Cette approche est particulièrement adaptée pour mettre en lumière l’origine des symptômes de la dépression, de l’anxiété, des troubles du comportement alimentaire, les problèmes de couples ou encore la rechute des personnes dépendantes et d’une façon générale lorsque nous ressentons un malaise réel avec des problèmes vagues, chroniques et envahissants.

La théorie de Young se base sur les Schémas Précoces Inadaptés (SPI) qui peuvent nous emporter dans des scénarii de vie problématiques, qui se répètent encore et encore.

En partant du postulat de base que durant notre enfance, nous sommes directement impactés par notre environnement, car le cerveau d’un enfant de 0 à 2 ans fonctionne en ondes Thêta et de 2 à 6 ans en ondes Delta. Ce qui signifie qu’avant “l’âge de raison” nous n’avons aucune faculté d’analyse et nous enregistrons tout ce que nous entendons comme “argent comptant” et vivons comme de vrais éponges.

Voici quelques caractéristiques des Schémas Précoces Inadaptés :

  • Ils sont constitués d’un mélange de souvenirs, d’émotions, de pensées (de cognitions) et de sensations corporelles.

  • Ils apparaissent au cours de l’enfance et de l’adolescence en tant que représentations de l’environnement et sont basés sur la réalité.

  • Ils sont élaborés pour se nourrir et perdurer durant toute la vie, car nous avons tendance à sélectionner des situations de vie et des relations humaines qui vont nourrir nos croyances. On dit que “Les schémas se battent pour survivre“.

  • La nature dysfonctionnelle des schémas se manifeste plus tard au cours de la vie (normal, puisqu’ils traduisent une adaptation de l’enfant à son environnement).
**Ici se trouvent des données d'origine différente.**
lemma card_nonvanishing_subspace:
  fixes S :: "(nat \<Rightarrow> 'a::{finite,field}) set" and \<phi> :: "(nat \<Rightarrow> 'a) \<Rightarrow> 'a"
  assumes S: "V.subspace S" "finite S"
    and additive: "\<And>u w. \<phi> (u + w) = \<phi> u + \<phi> w"
    and homogeneous: "\<And>c u. \<phi> (vscale c u) = c * \<phi> u"
  shows "CARD('a) * card {v\<in>S. \<phi> v \<noteq> 0} \<le> (CARD('a) - 1) * card S"
    and "\<exists>s\<in>S. \<phi> s \<noteq> 0 \<Longrightarrow> CARD('a) * card {v\<in>S. \<phi> v \<noteq> 0} = (CARD('a) - 1) * card S"
proof -
  have split: "card {v\<in>S. \<phi> v \<noteq> 0} + card {v\<in>S. \<phi> v = 0} = card S"
    using S(2) by (subst card_Un_disjoint[symmetric]) (auto intro: arg_cong[where f = card])
  show eq: "CARD('a) * card {v\<in>S. \<phi> v \<noteq> 0} = (CARD('a) - 1) * card S"
    if "\<exists>s\<in>S. \<phi> s \<noteq> 0"
  proof -
    from that obtain s where "s \<in> S" "\<phi> s \<noteq> 0" by blast
    then have card_S: "card S = card {v\<in>S. \<phi> v = 0} * CARD('a)"
      using card_subspace_eq_card_kernel[OF S(1) additive homogeneous] by blast
    obtain p where p: "CARD('a) = Suc p"
      using not0_implies_Suc by fastforce
    have "card {v\<in>S. \<phi> v \<noteq> 0} = card {v\<in>S. \<phi> v = 0} * p"
      using split card_S p by simp
    then show ?thesis
      using card_S p by (simp add: algebra_simps)
  qed
  show "CARD('a) * card {v\<in>S. \<phi> v \<noteq> 0} \<le> (CARD('a) - 1) * card S"
  proof (cases "\<exists>s\<in>S. \<phi> s \<noteq> 0")
    case False
    then have "{v\<in>S. \<phi> v \<noteq> 0} = {}" by blast
    then show ?thesis by (simp only: card.empty)
  qed (use eq in simp)
qed

lemma subspace_vecs: "V.subspace (vecs n :: (nat \<Rightarrow> 'a::field) set)"
  by (simp add: V.subspace_def vecs_def)

lemma bij_betw_vecs_PiE:
  "bij_betw (\<lambda>v. restrict v {..<n}) (vecs n :: (nat \<Rightarrow> 'a::zero) set) (PiE {..<n} (\<lambda>_. UNIV))"
  by (rule bij_betwI[where g = "\<lambda>v j. if j < n then v j else 0"])
    (auto simp: vecs_def fun_eq_iff PiE_def extensional_def)

lemma finite_vecs: "finite (vecs n :: (nat \<Rightarrow> 'a::{finite,zero}) set)"
  using bij_betw_finite[OF bij_betw_vecs_PiE[of n, where 'a='a]] by (simp add: finite_PiE)

lemma card_vecs: "card (vecs n :: (nat \<Rightarrow> 'a::{finite,zero}) set) = CARD('a) ^ n"
  using bij_betw_same_card[OF bij_betw_vecs_PiE[of n, where 'a='a]] by (simp add: card_PiE)

lemma linear_code_subspace: "linear_code N C \<Longrightarrow> V.subspace C"
  by (simp add: linear_code_def V.subspace_def)

lemma linear_code_finite: "linear_code N (C :: (nat \<Rightarrow> 'a::{finite,field}) set) \<Longrightarrow> finite C"
  using finite_vecs finite_subset by (metis linear_code_def)

lemma card_filter_eq_sum: "finite A \<Longrightarrow> card {x\<in>A. P x} = (\<Sum>x\<in>A. if P x then 1 else 0)"
  by (simp add: sum.If_cases Int_def)

lemma plotkin_bound:
  fixes C :: "(nat \<Rightarrow> 'a::{finite,field}) set"
  assumes C: "linear_code N C" and weight: "\<And>c. c \<in> C \<Longrightarrow> c \<noteq> 0 \<Longrightarrow> d \<le> hweight N c"
  shows "CARD('a) * ((card C - 1) * d) \<le> (CARD('a) - 1) * card C * N"
proof -
  have fin: "finite C" and sub: "V.subspace C" and "0 \<in> C"
    using C linear_code_finite linear_code_subspace by (auto simp: linear_code_def)
  have "(card C - 1) * d = card (C - {0}) * d"
    using fin \<open>0 \<in> C\<close> by simp
  also have "\<dots> \<le> (\<Sum>c\<in>C - {0}. hweight N c)"
    using weight sum_bounded_below[of "C - {0}" d "hweight N"] by simp
  also have "\<dots> \<le> (\<Sum>c\<in>C. hweight N c)"
    using fin by (intro sum_mono2) auto
  also have "\<dots> = (\<Sum>c\<in>C. \<Sum>j<N. if c j \<noteq> 0 then 1 else 0)"
    unfolding hweight_def using card_filter_eq_sum[of "{..<N}"] by simp
  also have "\<dots> = (\<Sum>j<N. card {c\<in>C. c j \<noteq> 0})"
    using fin by (subst sum.swap) (simp add: card_filter_eq_sum)
  finally have "CARD('a) * ((card C - 1) * d) \<le> (\<Sum>j<N. CARD('a) * card {c\<in>C. c j \<noteq> 0})"
    by (simp flip: sum_distrib_left)
  also have "\<dots> \<le> (\<Sum>j<N. (CARD('a) - 1) * card C)"
    using card_nonvanishing_subspace(1)[OF sub fin] by (intro sum_mono) simp
  finally show ?thesis by (simp add: mult.commute)
qed

lemma card_linear_code:
  fixes C :: "(nat \<Rightarrow> 'a::{finite,field}) set"
  assumes C: "linear_code N C"
  shows "card C = CARD('a) ^ code_dim C"
proof -
  obtain B where B: "B \<subseteq> C" "V.independent B" "C \<subseteq> V.span B" "card B = code_dim C"
    using V.basis_exists unfolding code_dim_def by blast
  have finB: "finite B"
    using B(1) linear_code_finite[OF C] finite_subset by blast
  have C_span: "C = V.span B"
    using B V.span_minimal[OF B(1) linear_code_subspace[OF C]] by blast
  let ?comb = "\<lambda>u. \<Sum>v\<in>B. vscale (u v) v"
  have "C = ?comb ` (B \<rightarrow>\<^sub>E UNIV)"
  proof -
    have "?comb u \<in> ?comb ` (B \<rightarrow>\<^sub>E UNIV)" for u
    proof
      show "?comb u = ?comb (restrict u B)"
        by (intro sum.cong) auto
    qed (auto simp only: restrict_PiE_iff)
    then show ?thesis
      unfolding C_span V.span_finite[OF finB] by blast
  qed
  moreover have "inj_on ?comb (B \<rightarrow>\<^sub>E UNIV)"
  proof (rule inj_onI)
    fix u u' assume u: "u \<in> B \<rightarrow>\<^sub>E UNIV" and u': "u' \<in> B \<rightarrow>\<^sub>E UNIV" and "?comb u = ?comb u'"
    then have "(\<Sum>v\<in>B. vscale (u v - u' v) v) = 0"
      by (simp add: V.scale_left_diff_distrib sum_subtractf)
    then have "u v = u' v" if "v \<in> B" for v
      using V.independentD[OF B(2) finB subset_refl] that by fastforce
    then show "u = u'"
      using PiE_ext[OF u u'] by blast
  qed
  ultimately have "card C = card (B \<rightarrow>\<^sub>E (UNIV :: 'a set))"
    by (simp add: card_image)
  then show ?thesis
    using finB B(4) by (simp add: card_PiE)
qed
Quand nous commençons à perpétuer nos schémas dans nos interactions avec les autres, sur la base de perceptions qui ne sont plus exactes, ni adaptées.

  • Ils ne sont pas tous traumatiques (exemple : un environnement trop protecteur ou trop permissif…).

  • Ils sont multidimensionnels et peuvent avoir différents niveaux d’envahissement et de gravité dans notre vie.

  • Un schéma n’est pas seulement une croyance dont nous pouvons parler à quelqu’un avec un raisonnement logique, il devient une partie de notre identité, une partie de notre conscience de soi.